The next step is to bring the current adaptive phase-shifting reference coefficients and actual cavity length values searched from the pre-analysis matrix into the dephasing algorithm, and design the phase-shifting value and the number of interferogram acquisition frames and weighting through different phase-shifting reference coefficients. Sampling function, and then calculate the arctangent of the data to obtain the wrapping phase.

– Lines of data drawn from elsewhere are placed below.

lemma degree_xk_minus_1: "degree (xk_minus_1 k) = k"
proof (cases "k = 0")
  case False
  then have "degree (- 1 :: bit poly) < degree (monom (1::bit) k)"
    by (simp add: degree_monom_eq)
  then have "degree (monom 1 k + - 1 :: bit poly) = k"
    by (simp only: degree_add_eq_left) (simp add: degree_monom_eq)
  then show ?thesis
    unfolding xk_minus_1_def by simp
qed (simp add: xk_minus_1_def)

lemma xk_minus_1_dvd_monom_diff: "xk_minus_1 k dvd monom c N - monom c (N mod k)"
proof -
  have "monom c N = monom c (N mod k) * monom 1 k ^ (N div k)"
    by (simp add: mult_monom monom_power mult.commute[of "N div k"])
  then have "monom c N - monom c (N mod k) = monom c (N mod k) * (monom 1 k ^ (N div k) - 1)"
    by (simp add: algebra_simps)
  moreover have "xk_minus_1 k dvd monom 1 k ^ (N div k) - 1"
    unfolding xk_minus_1_def power_diff_1_eq by (rule dvd_triv_left)
  ultimately show ?thesis
    by simp
qed

lemma poly_as_sum_of_monoms_lessThan:
  assumes "degree p < n"
  shows "(\<Sum>i<n. monom (coeff p i) i) = p"
  using assms poly_as_sum_of_monoms'[of p "n - 1"] by (simp add: lessThan_Suc_atMost[symmetric])

text \<open>The kernel condition of \<open>circ k a\<close> is a cyclic correlation of \<open>c\<close> with the coefficients
  of \<open>a\<close>; multiplying by the polynomial with the coefficients of \<open>c\<close> in reverse order turns it
  into a product modulo \<open>x^k - 1\<close>.\<close>

definition reversed_poly :: "nat \<Rightarrow> (nat \<Rightarrow> 'a::comm_monoid_add) \<Rightarrow> 'a poly" where
  "reversed_poly k c = (\<Sum>u<k. monom (c u) (k - 1 - u))"

lemma coeff_reversed_poly:
  assumes "j < k"
  shows "coeff (reversed_poly k c) (k - 1 - j) = c j"
proof -
  have "coeff (reversed_poly k c) (k - 1 - j) = (\<Sum>u<k. if u = j then c u else 0)"
    unfolding reversed_poly_def coeff_sum coeff_monom using assms by (intro sum.cong) auto
  then show ?thesis
    using assms by simp
qed

lemma degree_reversed_poly_less: "0 < k \<Longrightarrow> degree (reversed_poly k c) < k"
  unfolding reversed_poly_def by (intro degree_sum_less le_less_trans[OF degree_monom_le]) auto

lemma circ_kernel_dvd:
  assumes kernel: "\<forall>i<k. (\<Sum>u<k. c u * circ k a i u) = 0"
  shows "xk_minus_1 k dvd (a mod xk_minus_1 k) * reversed_poly k c"
proof (cases "k = 0")
  case False
  define p where "p = xk_minus_1 k"
  define A where "A = a mod p"
  \<comment> \<open>\<open>R\<close> is the product with exponents reduced mod \<open>k\<close>; its coefficient \<open>m\<close> is the
     kernel sum of row \<open>k - 1 - m\<close>.\<close>
  define R where "R = (\<Sum>n<k. \<Sum>u<k. monom (coeff A n * c u) ((n + (k - 1 - u)) mod k))"
  have "p \<noteq> 0"
    using False degree_xk_minus_1[of k] by (auto simp: p_def)
  then have "degree A < k"
    using degree_mod_less'[of p a] False by (cases "A = 0") (simp_all add: A_def p_def degree_xk_minus_1)
  then have "A * reversed_poly k c
      = (\<Sum>n<k. monom (coeff A n) n) * (\<Sum>u<k. monom (c u) (k - 1 - u))"
    by (simp only: poly_as_sum_of_monoms_lessThan reversed_poly_def)
  also have "\<dots> = (\<Sum>n<k. \<Sum>u<k. monom (coeff A n * c u) (n + (k - 1 - u)))"
    by (simp only: sum_distrib_right) (simp only: sum_distrib_left mult_monom)
  finally have product:
    "A * reversed_poly k c = (\<Sum>n<k. \<Sum>u<k. monom (coeff A n * c u) (n + (k - 1 - u)))" .
  have "p dvd A * reversed_poly k c - R"
    unfolding product R_def p_def sum_subtractf[symmetric] by (intro dvd_sum xk_minus_1_dvd_monom_diff)
  moreover have "coeff R m = 0" for m
  proof -
    have "coeff R m = (\<Sum>u<k. \<Sum>n<k. if (n + (k - 1 - u)) mod k = m then coeff A n * c u else 0)"
      unfolding R_def coeff_sum coeff_monom by (rule sum.swap)
    also have "\<dots> = 0"
    proof (cases "m < k")
      case True
      have "(\<Sum>n<k. if (n + (k - 1 - u)) mod k = m then coeff A n * c u else 0)
          = c u * circ k a (k - 1 - m) u" if "u < k" for u
      proof -
        have "k - (k - 1 - u) = u + 1" and "u + k - (k - 1 - m) = m + (u + 1)"
          using True that by auto
        moreover have "(\<Sum>n<k. if (n + (k - 1 - u)) mod k = m then coeff A n * c u else 0)
            = coeff A ((m + (k - (k - 1 - u))) mod k) * c u"
          using True sum_mod_shift_delta[where f = "\<lambda>n. coeff A n * c u"] by simp
        ultimately show ?thesis
          by (simp only: circ_def A_def p_def mult.commute)
      qed
      then show ?thesis
        using kernel True by simp
    qed (auto intro!: sum.neutral)
    finally show ?thesis .
  qed
  then have "R = 0"
    by (simp add: poly_eqI)
  ultimately show ?thesis
    by (simp add: A_def p_def)
qed (simp add: reversed_poly_def)

lemma cols_lin_indep_circ:
  assumes "coprime a (xk_minus_1 k)"
  shows "cols_lin_indep k (circ k a) {..<k}"
  unfolding cols_lin_indep_def
proof (intro allI impI ballI)
  fix c :: "nat \<Rightarrow> bit" and j
  assume kernel: "\<forall>i<k. (\<Sum>u\<in>{..<k}. c u * circ k a i u) = 0" and j: "j \<in> {..<k}"
  have "xk_minus_1 k \<noteq> 0"
    using j degree_xk_minus_1[of k] by auto
  have "xk_minus_1 k dvd (a mod xk_minus_1 k) * reversed_poly k c"
    using circ_kernel_dvd kernel by simp
  moreover have "coprime (xk_minus_1 k) (a mod xk_minus_1 k)"
    using assms \<open>xk_minus_1 k \<noteq> 0\<close> by (simp add: coprime_commute)
  ultimately have "xk_minus_1 k dvd reversed_poly k c"
    by (rule euclidean_ring_coprime_dvd_mult[rotated])
  moreover have "degree (reversed_poly k c) < degree (xk_minus_1 k)"
    using j by (simp add: degree_xk_minus_1 degree_reversed_poly_less)
  ultimately have "reversed_poly k c = 0"
    by (metis dvd_imp_degree_le not_le)
  then show "c j = 0"
    using coeff_reversed_poly[of j k c] j by simp
qed

lemma cols_lin_indep_reindex:
  assumes "inj_on f S"
    and "\<And>i j. i < k \<Longrightarrow> j \<in> S \<Longrightarrow> G i (f j) = H i j"
    and "cols_lin_indep k H S"
  shows "cols_lin_indep k G (f ` S)"
  unfolding cols_lin_indep_def
proof (intro allI impI ballI)
  fix c :: "nat \<Rightarrow> bit" and j
  assume kernel: "\<forall>i<k. (\<Sum>j\<in>f ` S. c j * G i j) = 0" and "j \<in> f ` S"
  have "(\<Sum>x\<in>S. c (f x) * H i x) = 0" if "i < k" for i
  proof -
    have "(\<Sum>x\<in>S. c (f x) * H i x) = (\<Sum>x\<in>S. c (f x) * G i (f x))"
      using assms(2) that by (intro sum.cong) simp_all
    also have "\<dots> = (\<Sum>j\<in>f ` S. c j * G i j)"
      using sum.reindex[OF assms(1), of "\<lambda>j. c j * G i j"] by (simp add: comp_def)
    finally show ?thesis
      using kernel that by simp
  qed
  then have "\<forall>x\<in>S. c (f x) = 0"
    using assms(3)[unfolded cols_lin_indep_def, THEN spec[of _ "\<lambda>x. c (f x)"]] by blast
  then show "c j = 0"
    using \<open>j \<in> f ` S\<close> by blast
qed

lemma is_CIS_if_blocks_lin_indep:
  assumes "\<And>b. b < t \<Longrightarrow> cols_lin_indep k G ((\<lambda>u. b * k + u) ` {..<k})"
  shows "is_CIS t k G"
proof -
  define P where "P b = (\<lambda>u. b * k + u) ` {..<k}" for b
  have block_div: "(b * k + u) div k = b" if "u < k" for b u
    using that by auto
  have info: "info_set (t * k) k G (P b)" if "b < t" for b
  proof -
    have "b * k + k \<le> t * k"
      using that by (metis add.commute mult_Suc mult_le_mono1 Suc_leI)
    then have "P b \<subseteq> {0..<t * k}"
      by (auto simp: P_def)
    moreover have "card (P b) = k"
      unfolding P_def by (subst card_image) (auto simp: inj_on_def)
    ultimately show ?thesis
      using assms that by (simp add: info_set_def P_def)
  qed
  have disjoint: "P b \<inter> P b' = {}" if "b \<noteq> b'" for b b'
  proof -
    have "b = b'" if mem: "x \<in> P b" "x \<in> P b'" for x
    proof -
      obtain u u' where u: "u < k" "x = b * k + u" and u': "u' < k" "x = b' * k + u'"
        using mem unfolding P_def by blast
      have "b = x div k"
        using block_div[OF u(1)] u(2) by simp
      also have "\<dots> = b'"
        using block_div[OF u'(1)] u'(2) by simp
      finally show "b = b'" .
    qed
    then show ?thesis
      using \<open>b \<noteq> b'\<close> by blast
  qed
  have "(\<Union>b<t. P b) = {0..<t * k}"
  proof
    show "(\<Union>b<t. P b) \<subseteq> {0..<t * k}"
      using info by (auto simp: info_set_def)
    show "{0..<t * k} \<subseteq> (\<Union>b<t. P b)"
    proof
      fix j assume "j \<in> {0..<t * k}"
      then have "0 < k"
        by (cases "k = 0") auto
      then have "j div k < t" and "j mod k < k" and "j = j div k * k + j mod k"
        using \<open>j \<in> {0..<t * k}\<close> by (auto simp: less_mult_imp_div_less)
      then show "j \<in> (\<Union>b<t. P b)"
        unfolding P_def by blast
    qed
  qed
  then show ?thesis
    unfolding is_CIS_def using info disjoint by (intro exI[of _ P]) blast
qed

lemma qc_gen_block: "u < k \<Longrightarrow> qc_gen t k a i (b * k + u) = circ k (a b) i u"
  by (simp add: qc_gen_def)

theorem proposition4:
  fixes t k :: nat and a :: "nat \<Rightarrow> bit poly"
  assumes "t \<ge> 2" and "k \<ge> 1"
    and "\<forall>b<t. coprime (a b) (xk_minus_1 k)"
  shows "is_CIS t k (qc_gen t k a)"
proof (rule is_CIS_if_blocks_lin_indep)
  fix b
  assume "b < t"
  show "cols_lin_indep k (qc_gen t k a) ((\<lambda>u. b * k + u) ` {..<k})"
  proof (rule cols_lin_indep_reindex)
    show "inj_on (\<lambda>u. b * k + u) {..<k}"
      by (simp add: inj_on_def)
    show "qc_gen t k a i (b * k + u) = circ k (a b) i u" if "u \<in> {..<k}" for i u
      using that by (simp add: qc_gen_block)
    show "cols_lin_indep k (circ k (a b)) {..<k}"
      using assms(3) \<open>b < t\<close> by (simp add: cols_lin_indep_circ)
  qed
qed

end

After de-wrapping and de-tilting, the surface shape of the corresponding measured surface can be obtained, and the multi-surface interferometric measurement process can be completed.

When constructing the pre-analysis matrix, the iterative step size of the phase-shifting reference coefficient is 1, and the iterative step size of the cavity length coefficient is 0.1. The parameters of the double iteration are discrete, so it must not satisfy all the cavity length coefficient cases. The determination method is: for each cavity length coefficient, the phase-shifting reference coefficient value corresponding to the right scale within one step must satisfy the conditions of the current phase-shifting reference coefficient and its right-hand adjacent phase-shifting reference coefficient at the same time, Therefore, the processing method adopted here is to take the scale value on the right side of the scale range where the actual cavity length coefficient is located as the estimated value, and then select the phase-shift reference coefficient through the estimated value. After the positioning and selection of the phase-shifting reference coefficient and the cavity length coefficient, the sampling function can be calculated. At this time, the algorithm design process is completed. When using, only the thickness and reflectivity of the test piece can be input to automatically specify the algorithm. design.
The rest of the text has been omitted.